**WHAT TO WORK ON**.
Find the lines holding the string "esub" in the data, then copy all of them.

::: MATERIAL SUPPLIED

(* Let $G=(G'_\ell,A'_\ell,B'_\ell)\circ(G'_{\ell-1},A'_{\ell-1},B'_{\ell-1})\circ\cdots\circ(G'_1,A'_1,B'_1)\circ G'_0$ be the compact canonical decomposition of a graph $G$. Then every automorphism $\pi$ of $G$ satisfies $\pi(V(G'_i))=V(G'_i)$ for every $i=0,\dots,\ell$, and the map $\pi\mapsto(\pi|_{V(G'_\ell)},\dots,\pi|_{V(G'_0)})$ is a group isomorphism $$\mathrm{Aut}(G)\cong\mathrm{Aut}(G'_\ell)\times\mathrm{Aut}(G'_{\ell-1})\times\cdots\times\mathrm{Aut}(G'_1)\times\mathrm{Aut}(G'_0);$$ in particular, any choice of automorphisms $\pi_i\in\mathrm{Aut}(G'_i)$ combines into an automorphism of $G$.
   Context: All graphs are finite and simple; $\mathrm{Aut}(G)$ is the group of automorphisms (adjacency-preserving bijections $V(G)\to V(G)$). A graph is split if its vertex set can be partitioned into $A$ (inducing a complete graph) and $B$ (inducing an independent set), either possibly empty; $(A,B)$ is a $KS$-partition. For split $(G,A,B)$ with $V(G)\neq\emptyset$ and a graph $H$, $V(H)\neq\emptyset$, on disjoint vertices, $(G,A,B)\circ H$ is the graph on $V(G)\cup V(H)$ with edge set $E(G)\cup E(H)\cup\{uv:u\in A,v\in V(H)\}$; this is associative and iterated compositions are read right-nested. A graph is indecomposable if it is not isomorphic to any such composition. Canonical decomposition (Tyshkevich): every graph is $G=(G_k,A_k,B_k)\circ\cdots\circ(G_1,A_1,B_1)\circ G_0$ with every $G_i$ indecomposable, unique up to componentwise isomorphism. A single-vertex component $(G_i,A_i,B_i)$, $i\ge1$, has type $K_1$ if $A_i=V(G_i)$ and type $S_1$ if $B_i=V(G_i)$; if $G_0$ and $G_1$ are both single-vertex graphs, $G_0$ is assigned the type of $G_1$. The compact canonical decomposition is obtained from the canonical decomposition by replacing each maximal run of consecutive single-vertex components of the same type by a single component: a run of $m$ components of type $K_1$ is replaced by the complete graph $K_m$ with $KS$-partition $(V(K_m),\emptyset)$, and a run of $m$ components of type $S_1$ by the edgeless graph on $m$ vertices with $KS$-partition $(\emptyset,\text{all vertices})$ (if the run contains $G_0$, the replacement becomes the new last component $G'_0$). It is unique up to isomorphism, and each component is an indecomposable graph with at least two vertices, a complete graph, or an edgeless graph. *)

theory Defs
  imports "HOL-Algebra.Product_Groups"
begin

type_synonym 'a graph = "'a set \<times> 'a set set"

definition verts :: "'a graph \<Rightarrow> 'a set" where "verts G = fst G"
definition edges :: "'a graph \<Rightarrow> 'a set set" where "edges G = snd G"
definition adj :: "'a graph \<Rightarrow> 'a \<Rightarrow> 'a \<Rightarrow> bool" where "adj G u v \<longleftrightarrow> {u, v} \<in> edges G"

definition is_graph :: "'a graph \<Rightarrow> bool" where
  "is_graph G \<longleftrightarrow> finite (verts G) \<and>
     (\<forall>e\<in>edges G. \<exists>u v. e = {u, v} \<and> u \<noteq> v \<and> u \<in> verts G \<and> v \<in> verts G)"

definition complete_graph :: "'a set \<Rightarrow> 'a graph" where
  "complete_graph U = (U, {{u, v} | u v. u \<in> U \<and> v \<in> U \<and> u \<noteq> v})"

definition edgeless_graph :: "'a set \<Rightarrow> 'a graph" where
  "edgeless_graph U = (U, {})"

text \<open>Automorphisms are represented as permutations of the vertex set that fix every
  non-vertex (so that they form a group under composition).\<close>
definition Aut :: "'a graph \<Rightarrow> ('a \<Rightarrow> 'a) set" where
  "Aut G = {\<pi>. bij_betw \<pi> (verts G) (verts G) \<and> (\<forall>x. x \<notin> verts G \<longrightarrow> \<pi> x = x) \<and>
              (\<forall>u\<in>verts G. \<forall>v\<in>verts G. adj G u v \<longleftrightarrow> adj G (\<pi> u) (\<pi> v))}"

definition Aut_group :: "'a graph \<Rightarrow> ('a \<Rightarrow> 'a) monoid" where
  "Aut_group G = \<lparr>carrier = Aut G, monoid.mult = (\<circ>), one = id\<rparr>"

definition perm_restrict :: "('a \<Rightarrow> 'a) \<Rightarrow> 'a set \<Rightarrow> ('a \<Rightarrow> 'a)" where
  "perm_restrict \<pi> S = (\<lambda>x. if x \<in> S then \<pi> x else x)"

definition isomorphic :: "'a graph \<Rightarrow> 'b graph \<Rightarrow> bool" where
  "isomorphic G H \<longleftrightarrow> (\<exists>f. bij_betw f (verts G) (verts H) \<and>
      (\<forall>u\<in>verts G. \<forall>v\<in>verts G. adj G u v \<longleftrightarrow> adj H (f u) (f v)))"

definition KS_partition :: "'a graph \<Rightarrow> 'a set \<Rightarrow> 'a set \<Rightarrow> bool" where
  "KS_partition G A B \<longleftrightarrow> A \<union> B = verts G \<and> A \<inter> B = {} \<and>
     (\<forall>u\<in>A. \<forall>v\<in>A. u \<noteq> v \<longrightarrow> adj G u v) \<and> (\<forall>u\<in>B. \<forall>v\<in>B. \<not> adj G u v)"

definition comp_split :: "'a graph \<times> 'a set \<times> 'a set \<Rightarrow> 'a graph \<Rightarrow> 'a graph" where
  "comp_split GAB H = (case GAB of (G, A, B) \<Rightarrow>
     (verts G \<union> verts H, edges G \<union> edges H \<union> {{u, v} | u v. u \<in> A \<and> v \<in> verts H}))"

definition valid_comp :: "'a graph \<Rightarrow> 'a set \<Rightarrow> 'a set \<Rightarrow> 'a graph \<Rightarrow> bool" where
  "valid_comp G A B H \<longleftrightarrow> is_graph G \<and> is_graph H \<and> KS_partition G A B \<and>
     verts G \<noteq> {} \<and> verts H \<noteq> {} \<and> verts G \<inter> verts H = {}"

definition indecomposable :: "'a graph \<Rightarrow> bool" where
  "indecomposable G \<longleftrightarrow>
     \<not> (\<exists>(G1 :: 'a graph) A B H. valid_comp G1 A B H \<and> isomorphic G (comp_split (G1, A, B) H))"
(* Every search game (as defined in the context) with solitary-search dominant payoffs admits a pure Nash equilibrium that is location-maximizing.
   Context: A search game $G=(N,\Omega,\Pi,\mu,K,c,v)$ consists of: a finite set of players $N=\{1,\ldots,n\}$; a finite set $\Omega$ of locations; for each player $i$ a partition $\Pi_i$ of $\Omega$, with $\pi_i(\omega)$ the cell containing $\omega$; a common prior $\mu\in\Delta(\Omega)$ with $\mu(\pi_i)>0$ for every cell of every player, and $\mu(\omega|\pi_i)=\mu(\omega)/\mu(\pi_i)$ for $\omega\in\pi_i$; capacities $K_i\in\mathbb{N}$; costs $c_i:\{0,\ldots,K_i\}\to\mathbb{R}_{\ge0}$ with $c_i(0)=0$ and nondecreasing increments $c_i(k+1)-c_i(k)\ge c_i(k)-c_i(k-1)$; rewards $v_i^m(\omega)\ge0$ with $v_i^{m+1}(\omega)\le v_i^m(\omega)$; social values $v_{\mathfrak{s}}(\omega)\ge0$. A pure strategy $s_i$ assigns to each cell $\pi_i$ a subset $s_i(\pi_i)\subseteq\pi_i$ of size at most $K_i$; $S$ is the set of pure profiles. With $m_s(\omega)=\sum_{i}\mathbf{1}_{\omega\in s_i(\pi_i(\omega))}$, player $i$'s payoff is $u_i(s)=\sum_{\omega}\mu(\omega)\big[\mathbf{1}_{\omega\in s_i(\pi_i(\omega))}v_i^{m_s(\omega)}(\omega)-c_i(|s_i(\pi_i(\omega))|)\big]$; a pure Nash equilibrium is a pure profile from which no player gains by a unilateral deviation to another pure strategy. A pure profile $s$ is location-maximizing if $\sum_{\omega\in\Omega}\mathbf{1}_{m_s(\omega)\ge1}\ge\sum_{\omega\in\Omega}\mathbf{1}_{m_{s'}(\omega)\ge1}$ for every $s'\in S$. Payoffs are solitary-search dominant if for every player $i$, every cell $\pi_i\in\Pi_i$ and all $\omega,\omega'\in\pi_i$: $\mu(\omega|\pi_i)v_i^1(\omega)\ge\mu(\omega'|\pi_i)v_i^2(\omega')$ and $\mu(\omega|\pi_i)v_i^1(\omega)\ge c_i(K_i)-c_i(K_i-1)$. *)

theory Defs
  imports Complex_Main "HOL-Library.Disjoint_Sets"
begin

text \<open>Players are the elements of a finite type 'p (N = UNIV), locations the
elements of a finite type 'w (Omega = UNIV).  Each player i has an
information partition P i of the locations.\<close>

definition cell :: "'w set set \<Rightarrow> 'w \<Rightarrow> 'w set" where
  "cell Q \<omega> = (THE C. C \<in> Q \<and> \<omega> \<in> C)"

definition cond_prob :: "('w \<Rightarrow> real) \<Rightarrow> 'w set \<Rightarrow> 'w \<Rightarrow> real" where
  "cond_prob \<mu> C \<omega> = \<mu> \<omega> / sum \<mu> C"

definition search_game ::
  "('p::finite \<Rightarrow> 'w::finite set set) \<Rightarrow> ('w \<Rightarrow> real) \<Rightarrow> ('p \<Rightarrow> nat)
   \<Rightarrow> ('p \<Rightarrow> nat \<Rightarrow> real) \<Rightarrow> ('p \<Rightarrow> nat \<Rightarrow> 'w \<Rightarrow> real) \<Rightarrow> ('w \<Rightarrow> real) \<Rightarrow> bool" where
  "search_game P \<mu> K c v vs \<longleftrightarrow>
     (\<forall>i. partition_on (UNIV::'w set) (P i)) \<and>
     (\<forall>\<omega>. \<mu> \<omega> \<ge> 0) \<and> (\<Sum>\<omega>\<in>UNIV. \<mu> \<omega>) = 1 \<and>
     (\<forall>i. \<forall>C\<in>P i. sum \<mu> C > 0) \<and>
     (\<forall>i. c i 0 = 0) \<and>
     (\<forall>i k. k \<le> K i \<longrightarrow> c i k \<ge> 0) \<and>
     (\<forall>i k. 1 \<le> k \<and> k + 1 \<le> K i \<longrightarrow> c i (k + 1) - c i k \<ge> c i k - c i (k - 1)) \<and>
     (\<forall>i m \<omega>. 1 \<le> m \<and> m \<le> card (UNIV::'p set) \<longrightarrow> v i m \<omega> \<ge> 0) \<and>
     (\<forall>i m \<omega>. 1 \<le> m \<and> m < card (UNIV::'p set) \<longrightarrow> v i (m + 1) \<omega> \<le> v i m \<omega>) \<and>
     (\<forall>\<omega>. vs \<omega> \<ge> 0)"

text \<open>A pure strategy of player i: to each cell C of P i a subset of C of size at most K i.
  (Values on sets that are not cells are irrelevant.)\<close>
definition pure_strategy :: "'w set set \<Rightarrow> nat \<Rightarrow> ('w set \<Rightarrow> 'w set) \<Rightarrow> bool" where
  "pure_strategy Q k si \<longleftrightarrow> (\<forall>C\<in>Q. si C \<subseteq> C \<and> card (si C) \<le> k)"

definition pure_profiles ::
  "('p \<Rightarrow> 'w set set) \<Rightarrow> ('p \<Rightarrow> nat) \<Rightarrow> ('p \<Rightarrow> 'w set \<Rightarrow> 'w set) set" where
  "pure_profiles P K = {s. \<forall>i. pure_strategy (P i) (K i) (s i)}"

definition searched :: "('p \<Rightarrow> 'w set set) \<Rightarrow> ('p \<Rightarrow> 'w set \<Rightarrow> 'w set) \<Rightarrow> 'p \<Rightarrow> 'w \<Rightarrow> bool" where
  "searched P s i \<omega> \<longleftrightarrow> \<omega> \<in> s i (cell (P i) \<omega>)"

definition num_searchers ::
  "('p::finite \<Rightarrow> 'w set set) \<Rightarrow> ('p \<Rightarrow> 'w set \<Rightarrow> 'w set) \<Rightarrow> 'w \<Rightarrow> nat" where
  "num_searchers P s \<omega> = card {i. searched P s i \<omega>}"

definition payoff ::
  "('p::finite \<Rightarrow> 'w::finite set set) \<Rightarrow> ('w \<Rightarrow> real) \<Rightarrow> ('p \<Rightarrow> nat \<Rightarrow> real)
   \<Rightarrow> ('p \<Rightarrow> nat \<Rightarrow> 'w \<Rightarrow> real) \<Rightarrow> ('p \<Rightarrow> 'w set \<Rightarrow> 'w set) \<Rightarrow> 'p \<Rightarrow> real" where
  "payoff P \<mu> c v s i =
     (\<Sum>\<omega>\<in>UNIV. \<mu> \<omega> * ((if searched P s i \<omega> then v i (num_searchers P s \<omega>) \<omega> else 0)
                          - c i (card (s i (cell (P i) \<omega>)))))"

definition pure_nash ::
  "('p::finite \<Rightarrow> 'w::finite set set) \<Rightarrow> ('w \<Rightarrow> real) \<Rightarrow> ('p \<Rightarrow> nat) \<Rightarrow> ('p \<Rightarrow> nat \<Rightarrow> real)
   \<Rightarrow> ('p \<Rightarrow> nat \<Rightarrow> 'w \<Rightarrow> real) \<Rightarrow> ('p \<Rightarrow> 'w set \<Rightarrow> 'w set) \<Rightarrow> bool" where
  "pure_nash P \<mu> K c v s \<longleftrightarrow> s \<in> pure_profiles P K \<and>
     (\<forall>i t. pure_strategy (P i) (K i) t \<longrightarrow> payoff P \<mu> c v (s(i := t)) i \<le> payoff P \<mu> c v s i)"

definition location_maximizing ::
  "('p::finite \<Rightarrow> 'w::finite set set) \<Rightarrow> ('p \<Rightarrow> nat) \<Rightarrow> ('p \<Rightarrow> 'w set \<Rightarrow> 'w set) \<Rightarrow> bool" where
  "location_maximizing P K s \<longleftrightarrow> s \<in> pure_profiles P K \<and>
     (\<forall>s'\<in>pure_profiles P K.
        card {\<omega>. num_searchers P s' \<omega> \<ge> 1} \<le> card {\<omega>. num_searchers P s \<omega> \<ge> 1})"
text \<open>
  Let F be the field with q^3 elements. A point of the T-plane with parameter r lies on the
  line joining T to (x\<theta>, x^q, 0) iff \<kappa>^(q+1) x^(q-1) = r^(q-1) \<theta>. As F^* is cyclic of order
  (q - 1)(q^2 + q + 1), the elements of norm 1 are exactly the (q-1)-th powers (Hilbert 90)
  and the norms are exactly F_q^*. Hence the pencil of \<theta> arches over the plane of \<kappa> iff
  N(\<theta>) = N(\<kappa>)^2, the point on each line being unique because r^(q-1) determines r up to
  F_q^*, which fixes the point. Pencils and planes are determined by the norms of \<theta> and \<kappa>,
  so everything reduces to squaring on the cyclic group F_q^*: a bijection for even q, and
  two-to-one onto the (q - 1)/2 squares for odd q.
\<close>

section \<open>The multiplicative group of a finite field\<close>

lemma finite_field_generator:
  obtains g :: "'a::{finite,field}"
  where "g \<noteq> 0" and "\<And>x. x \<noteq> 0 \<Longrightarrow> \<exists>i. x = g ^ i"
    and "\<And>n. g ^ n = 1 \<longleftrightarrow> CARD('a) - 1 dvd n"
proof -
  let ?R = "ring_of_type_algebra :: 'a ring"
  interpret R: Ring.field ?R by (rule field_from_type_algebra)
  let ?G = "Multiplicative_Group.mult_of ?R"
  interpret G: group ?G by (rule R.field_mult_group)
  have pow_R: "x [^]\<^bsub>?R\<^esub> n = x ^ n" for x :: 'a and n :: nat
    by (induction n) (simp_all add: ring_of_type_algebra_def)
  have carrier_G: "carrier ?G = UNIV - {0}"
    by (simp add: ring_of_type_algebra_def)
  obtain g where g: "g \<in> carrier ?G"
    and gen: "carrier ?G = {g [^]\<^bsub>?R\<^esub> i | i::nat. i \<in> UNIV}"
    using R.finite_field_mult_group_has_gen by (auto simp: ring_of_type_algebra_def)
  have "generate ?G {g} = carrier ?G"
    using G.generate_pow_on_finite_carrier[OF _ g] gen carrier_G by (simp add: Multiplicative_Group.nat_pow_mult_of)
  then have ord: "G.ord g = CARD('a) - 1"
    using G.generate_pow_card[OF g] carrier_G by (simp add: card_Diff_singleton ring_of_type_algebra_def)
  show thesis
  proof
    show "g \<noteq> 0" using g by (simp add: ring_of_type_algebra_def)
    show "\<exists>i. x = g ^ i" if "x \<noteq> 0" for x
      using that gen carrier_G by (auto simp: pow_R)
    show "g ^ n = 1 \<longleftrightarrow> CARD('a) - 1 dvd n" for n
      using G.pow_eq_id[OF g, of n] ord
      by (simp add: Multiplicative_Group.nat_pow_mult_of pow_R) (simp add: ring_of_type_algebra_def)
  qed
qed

::::::

**TASK ANSWER**.
  have pow_R: "x [^]\<^bsub>?R\<^esub> n = x ^ n" for x :: 'a and n :: nat
    and gen: "carrier ?G = {g [^]\<^bsub>?R\<^esub> i | i::nat. i \<in> UNIV}"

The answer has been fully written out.